TASK TO COMPLETE
The data should be printed in full, character for character.

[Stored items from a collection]
--------------------

(* Let $G$ be a connected graph. If $\sigma_2(G)\ge 2\widetilde{\alpha}(G)-2$, then $G$ is traceable (i.e., $G$ contains a path through every vertex).
   Context: All graphs are finite and simple. For a graph $G$ that is not complete, $\sigma_2(G)=\min\{d_G(u)+d_G(v): u,v\in V(G),\ u\ne v,\ uv\notin E(G)\}$; if $G$ is complete, $\sigma_2(G)=\infty$. An $(s,t)$-bipartite-hole in $G$ consists of two disjoint vertex sets $S,T\subseteq V(G)$ with $|S|=s$, $|T|=t$ and no edge of $G$ having one endpoint in $S$ and the other in $T$. The bipartite-hole-number $\widetilde{\alpha}(G)$ is the minimum integer $k$ such that there exist positive integers $s,t$ with $s+t=k+1$ for which $G$ contains no $(s,t)$-bipartite-hole. *)

theory Defs
  imports Main "HOL-Library.Extended_Nat"
begin

definition simple_graph :: "'a set \<Rightarrow> ('a \<Rightarrow> 'a \<Rightarrow> bool) \<Rightarrow> bool" where
  "simple_graph V E \<longleftrightarrow> finite V \<and> (\<forall>u v. E u v \<longrightarrow> u \<in> V \<and> v \<in> V)
     \<and> (\<forall>u v. E u v \<longrightarrow> E v u) \<and> (\<forall>u. \<not> E u u)"

definition degree :: "'a set \<Rightarrow> ('a \<Rightarrow> 'a \<Rightarrow> bool) \<Rightarrow> 'a \<Rightarrow> nat" where
  "degree V E u = card {v \<in> V. E u v}"

text \<open>sigma_2; the infimum of the empty set in enat is infinity (complete graph case).\<close>
definition sigma2 :: "'a set \<Rightarrow> ('a \<Rightarrow> 'a \<Rightarrow> bool) \<Rightarrow> enat" where
  "sigma2 V E = Inf {enat (degree V E u + degree V E v) | u v.
                      u \<in> V \<and> v \<in> V \<and> u \<noteq> v \<and> \<not> E u v}"

definition has_bhole :: "'a set \<Rightarrow> ('a \<Rightarrow> 'a \<Rightarrow> bool) \<Rightarrow> nat \<Rightarrow> nat \<Rightarrow> bool" where
  "has_bhole V E s t \<longleftrightarrow> (\<exists>S T. S \<subseteq> V \<and> T \<subseteq> V \<and> S \<inter> T = {} \<and>
      card S = s \<and> card T = t \<and> (\<forall>x\<in>S. \<forall>y\<in>T. \<not> E x y))"

definition bhole_number :: "'a set \<Rightarrow> ('a \<Rightarrow> 'a \<Rightarrow> bool) \<Rightarrow> nat" where
  "bhole_number V E = (LEAST k. \<exists>s t. s > 0 \<and> t > 0 \<and> s + t = k + 1 \<and> \<not> has_bhole V E s t)"

definition is_path :: "'a set \<Rightarrow> ('a \<Rightarrow> 'a \<Rightarrow> bool) \<Rightarrow> 'a list \<Rightarrow> bool" where
  "is_path V E p \<longleftrightarrow> p \<noteq> [] \<and> distinct p \<and> set p \<subseteq> V \<and>
      (\<forall>i. Suc i < length p \<longrightarrow> E (p ! i) (p ! Suc i))"

definition connected_graph :: "'a set \<Rightarrow> ('a \<Rightarrow> 'a \<Rightarrow> bool) \<Rightarrow> bool" where
  "connected_graph V E \<longleftrightarrow> V \<noteq> {} \<and>
     (\<forall>u\<in>V. \<forall>v\<in>V. \<exists>p. is_path V E p \<and> hd p = u \<and> last p = v)"

definition traceable :: "'a set \<Rightarrow> ('a \<Rightarrow> 'a \<Rightarrow> bool) \<Rightarrow> bool" where
  "traceable V E \<longleftrightarrow> (\<exists>p. is_path V E p \<and> set p = V)"

end

theory Submission
  imports Defs
begin

text \<open>Let k be the bipartite-hole number and let s + t = k + 1 be such that there is no
(s,t)-bipartite-hole. Let R be the set of vertices of degree less than k (all of V if there is
none) and P a longest path starting in R. If P misses a vertex y, let H be the component of y
in G - P, X the vertices of P with a neighbour in H, and I the predecessors on P of the vertices
of X together with the end of P. Maximality of P (insert a path through H, possibly after
reversing a segment of P) makes I independent and without edges to H, and the degree-sum
condition then gives |H| + |I| \<ge> k + 1 and |V - (H \<union> X)| \<ge> k - 1. An (s,t)-bipartite-hole is
then found either inside H \<union> I or between H and V - (H \<union> X).\<close>

lemma simple_graph_sym: "simple_graph V E \<Longrightarrow> E a b \<Longrightarrow> E b a"
  and simple_graph_irrefl: "simple_graph V E \<Longrightarrow> \<not> E a a"
  and simple_graph_edge_in: "simple_graph V E \<Longrightarrow> E a b \<Longrightarrow> a \<in> V \<and> b \<in> V"
  and simple_graph_finite: "simple_graph V E \<Longrightarrow> finite V"
  unfolding simple_graph_def by blast+

lemma is_path_iff_successively:
  "is_path V E p \<longleftrightarrow> p \<noteq> [] \<and> distinct p \<and> set p \<subseteq> V \<and> successively E p"
  unfolding is_path_def successively_conv_nth by blast

lemma successively_take: "successively R xs \<Longrightarrow> successively R (take n xs)"
  and successively_drop: "successively R xs \<Longrightarrow> successively R (drop n xs)"
  by (metis append_take_drop_id successively_append_iff)+

lemma successively_rev_if_sym:
  "(\<And>a b. R a b \<Longrightarrow> R b a) \<Longrightarrow> successively R xs \<Longrightarrow> successively R (rev xs)"
  unfolding successively_rev by (erule successively_mono)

--------------------

ANSWER
(* Let $G$ be a connected graph. If $\sigma_2(G)\ge 2\widetilde{\alpha}(G)-2$, then $G$ is traceable (i.e., $G$ contains a path through every vertex).
   Context: All graphs are finite and simple. For a graph $G$ that is not complete, $\sigma_2(G)=\min\{d_G(u)+d_G(v): u,v\in V(G),\ u\ne v,\ uv\notin E(G)\}$; if $G$ is complete, $\sigma_2(G)=\infty$. An $(s,t)$-bipartite-hole in $G$ consists of two disjoint vertex sets $S,T\subseteq V(G)$ with $|S|=s$, $|T|=t$ and no edge of $G$ having one endpoint in $S$ and the other in $T$. The bipartite-hole-number $\widetilde{\alpha}(G)$ is the minimum integer $k$ such that there exist positive integers $s,t$ with $s+t=k+1$ for which $G$ contains no $(s,t)$-bipartite-hole. *)

theory Defs
  imports Main "HOL-Library.Extended_Nat"
begin

definition simple_graph :: "'a set \<Rightarrow> ('a \<Rightarrow> 'a \<Rightarrow> bool) \<Rightarrow> bool" where
  "simple_graph V E \<longleftrightarrow> finite V \<and> (\<forall>u v. E u v \<longrightarrow> u \<in> V \<and> v \<in> V)
     \<and> (\<forall>u v. E u v \<longrightarrow> E v u) \<and> (\<forall>u. \<not> E u u)"

definition degree :: "'a set \<Rightarrow> ('a \<Rightarrow> 'a \<Rightarrow> bool) \<Rightarrow> 'a \<Rightarrow> nat" where
  "degree V E u = card {v \<in> V. E u v}"

text \<open>sigma_2; the infimum of the empty set in enat is infinity (complete graph case).\<close>
definition sigma2 :: "'a set \<Rightarrow> ('a \<Rightarrow> 'a \<Rightarrow> bool) \<Rightarrow> enat" where
  "sigma2 V E = Inf {enat (degree V E u + degree V E v) | u v.
                      u \<in> V \<and> v \<in> V \<and> u \<noteq> v \<and> \<not> E u v}"

definition has_bhole :: "'a set \<Rightarrow> ('a \<Rightarrow> 'a \<Rightarrow> bool) \<Rightarrow> nat \<Rightarrow> nat \<Rightarrow> bool" where
  "has_bhole V E s t \<longleftrightarrow> (\<exists>S T. S \<subseteq> V \<and> T \<subseteq> V \<and> S \<inter> T = {} \<and>
      card S = s \<and> card T = t \<and> (\<forall>x\<in>S. \<forall>y\<in>T. \<not> E x y))"

definition bhole_number :: "'a set \<Rightarrow> ('a \<Rightarrow> 'a \<Rightarrow> bool) \<Rightarrow> nat" where
  "bhole_number V E = (LEAST k. \<exists>s t. s > 0 \<and> t > 0 \<and> s + t = k + 1 \<and> \<not> has_bhole V E s t)"

definition is_path :: "'a set \<Rightarrow> ('a \<Rightarrow> 'a \<Rightarrow> bool) \<Rightarrow> 'a list \<Rightarrow> bool" where
  "is_path V E p \<longleftrightarrow> p \<noteq> [] \<and> distinct p \<and> set p \<subseteq> V \<and>
      (\<forall>i. Suc i < length p \<longrightarrow> E (p ! i) (p ! Suc i))"

definition connected_graph :: "'a set \<Rightarrow> ('a \<Rightarrow> 'a \<Rightarrow> bool) \<Rightarrow> bool" where
  "connected_graph V E \<longleftrightarrow> V \<noteq> {} \<and>
     (\<forall>u\<in>V. \<forall>v\<in>V. \<exists>p. is_path V E p \<and> hd p = u \<and> last p = v)"

definition traceable :: "'a set \<Rightarrow> ('a \<Rightarrow> 'a \<Rightarrow> bool) \<Rightarrow> bool" where
  "traceable V E \<longleftrightarrow> (\<exists>p. is_path V E p \<and> set p = V)"

end

theory Submission
  imports Defs
begin

text \<open>Let k be the bipartite-hole number and let s + t = k + 1 be such that there is no
(s,t)-bipartite-hole. Let R be the set of vertices of degree less than k (all of V if there is
none) and P a longest path starting in R. If P misses a vertex y, let H be the component of y
in G - P, X the vertices of P with a neighbour in H, and I the predecessors on P of the vertices
of X together with the end of P. Maximality of P (insert a path through H, possibly after
reversing a segment of P) makes I independent and without edges to H, and the degree-sum
condition then gives |H| + |I| \<ge> k + 1 and |V - (H \<union> X)| \<ge> k - 1. An (s,t)-bipartite-hole is
then found either inside H \<union> I or between H and V - (H \<union> X).\<close>

lemma simple_graph_sym: "simple_graph V E \<Longrightarrow> E a b \<Longrightarrow> E b a"
  and simple_graph_irrefl: "simple_graph V E \<Longrightarrow> \<not> E a a"
  and simple_graph_edge_in: "simple_graph V E \<Longrightarrow> E a b \<Longrightarrow> a \<in> V \<and> b \<in> V"
  and simple_graph_finite: "simple_graph V E \<Longrightarrow> finite V"
  unfolding simple_graph_def by blast+

lemma is_path_iff_successively:
  "is_path V E p \<longleftrightarrow> p \<noteq> [] \<and> distinct p \<and> set p \<subseteq> V \<and> successively E p"
  unfolding is_path_def successively_conv_nth by blast

lemma successively_take: "successively R xs \<Longrightarrow> successively R (take n xs)"
  and successively_drop: "successively R xs \<Longrightarrow> successively R (drop n xs)"
  by (metis append_take_drop_id successively_append_iff)+

lemma successively_rev_if_sym:
  "(\<And>a b. R a b \<Longrightarrow> R b a) \<Longrightarrow> successively R xs \<Longrightarrow> successively R (rev xs)"
  unfolding successively_rev by (erule successively_mono)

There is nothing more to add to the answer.